First we show that for any $\varepsilon<\mathop{\rm dist}\nolimits(\Omega^{{\prime}},\partial\Omega)$ we have $D^{\alpha}(J_{\varepsilon}*u)=J_{\varepsilon}*D^{\alpha}u$ in the distributional sense on $\Omega^{{\prime}}$. To see this, let $\tilde{u}$ denote the zero extension of $u$ from $\Omega$ to all of $\mathbb{R}^{n}$, and note that for any test function $\phi\in\mathcal{C}_{\textup{cpt}}^{\infty}(\Omega^{{\prime}})$ we have

 $\displaystyle\int _{{\Omega^{{\prime}}}}J_{\varepsilon}*u(x)D^{\alpha}\phi(x)\, dx$ $\displaystyle=\int _{{\mathbb{R}^{n}}}\int _{{\mathbb{R}^{n}}}\tilde{u}(x-y)J_{\varepsilon}(y)D^{\alpha}\phi(x)\, dxdy$ $\displaystyle=(-1)^{{|\alpha|}}\int _{\mathbb{R}}^{n}\int _{{\Omega^{{\prime}}}}D^{\alpha}u(x-y)J_{\varepsilon}(y)\phi(x)\, dxdy$ $\displaystyle=(-1)^{{|\alpha|}}\int _{\Omega}^{{\prime}}J_{\varepsilon}*D^{\alpha}u(x)\phi(x)\, dx.$

(All of the derivatives above are taken with respect to the variable $x$.)

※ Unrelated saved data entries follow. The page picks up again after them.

lemma S_fun_remainder_le:
  assumes "n > 0" "n + Re v > 0" "Re w \<le> 1"
  shows "norm (S_fun n w v - (of_real n + v) * integral {-2..0} (ptilde_integrand n w v))
         \<le> (2 * norm w + 1) * exp (- 2 * Re v) * exp (- n / 2)"
proof -
  have "norm (of_real n * w * integral {0..exp (-2)} (S_integrand n w v))
        \<le> norm w * exp (- 2 * Re v) * (n * exp (- n))"
    using norm_integral_S_integrand_head_le[OF assms] assms
    by (simp add: norm_mult mult_left_mono algebra_simps)
  also have "\<dots> \<le> norm w * exp (- 2 * Re v) * (2 * exp (- n / 2))"
    using assms by (intro mult_left_mono mult_exp_minus_le) auto
  finally have head: "norm (of_real n * w * integral {0..exp (-2)} (S_integrand n w v))
      \<le> 2 * norm w * exp (- 2 * Re v) * exp (- n / 2)" by (simp add: algebra_simps)
  have "norm (S_fun n w v - (of_real n + v) * integral {-2..0} (ptilde_integrand n w v))
     \<le> norm (of_real n * w * integral {0..exp (-2)} (S_integrand n w v))
       + norm (ptilde_integrand n w v (-2))"
    using S_fun_eq_split[OF assms(2)] by (simp add: norm_triangle_ineq)
  also have "\<dots> \<le> (2 * norm w + 1) * exp (- 2 * Re v) * exp (- n / 2)"
    using add_mono[OF head norm_ptilde_integrand_minus2_le[OF assms(1,3)]]
    by (simp add: algebra_simps)
  finally show ?thesis .
qed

Since $D^{\alpha}u\in L^{p}(\Omega)$ for each $0\leq|\alpha|\leq k$, then the result for $L^{p}$ spaces shows that

 $\lim _{{\varepsilon\rightarrow 0^{+}}}\left\| D^{\alpha}(J_{\varepsilon}*u)-D^{\alpha}u\right\| _{{L^{p}(\Omega^{{\prime}})}}=\lim _{{\varepsilon\rightarrow 0^{+}}}\left\| J_{\varepsilon}*D^{\alpha}u-D^{\alpha}u\right\| _{{L^{p}(\Omega^{{\prime}})}}=0.$

This is true for all $\alpha$ such that $0\leq|\alpha|\leq k$, and so $J_{\varepsilon}*u$ converges to $u$ in the $W^{{k,p}}(\Omega^{{\prime}})$ norm. ∎

Next, we introduce the notion of a nested open cover, which will be used in the sequel.

Definition 3.13.

Let $\Omega$ be an open subset of $\mathbb{R}^{n}$. A nested open cover of $\Omega$ is a collection of open sets $\{\Omega _{j}\} _{{j\in\mathbb{N}}}$ such that

1. $\Omega _{j}\subseteq\Omega _{{j+1}}\subseteq\Omega$ for all $j\in\mathbb{N}$.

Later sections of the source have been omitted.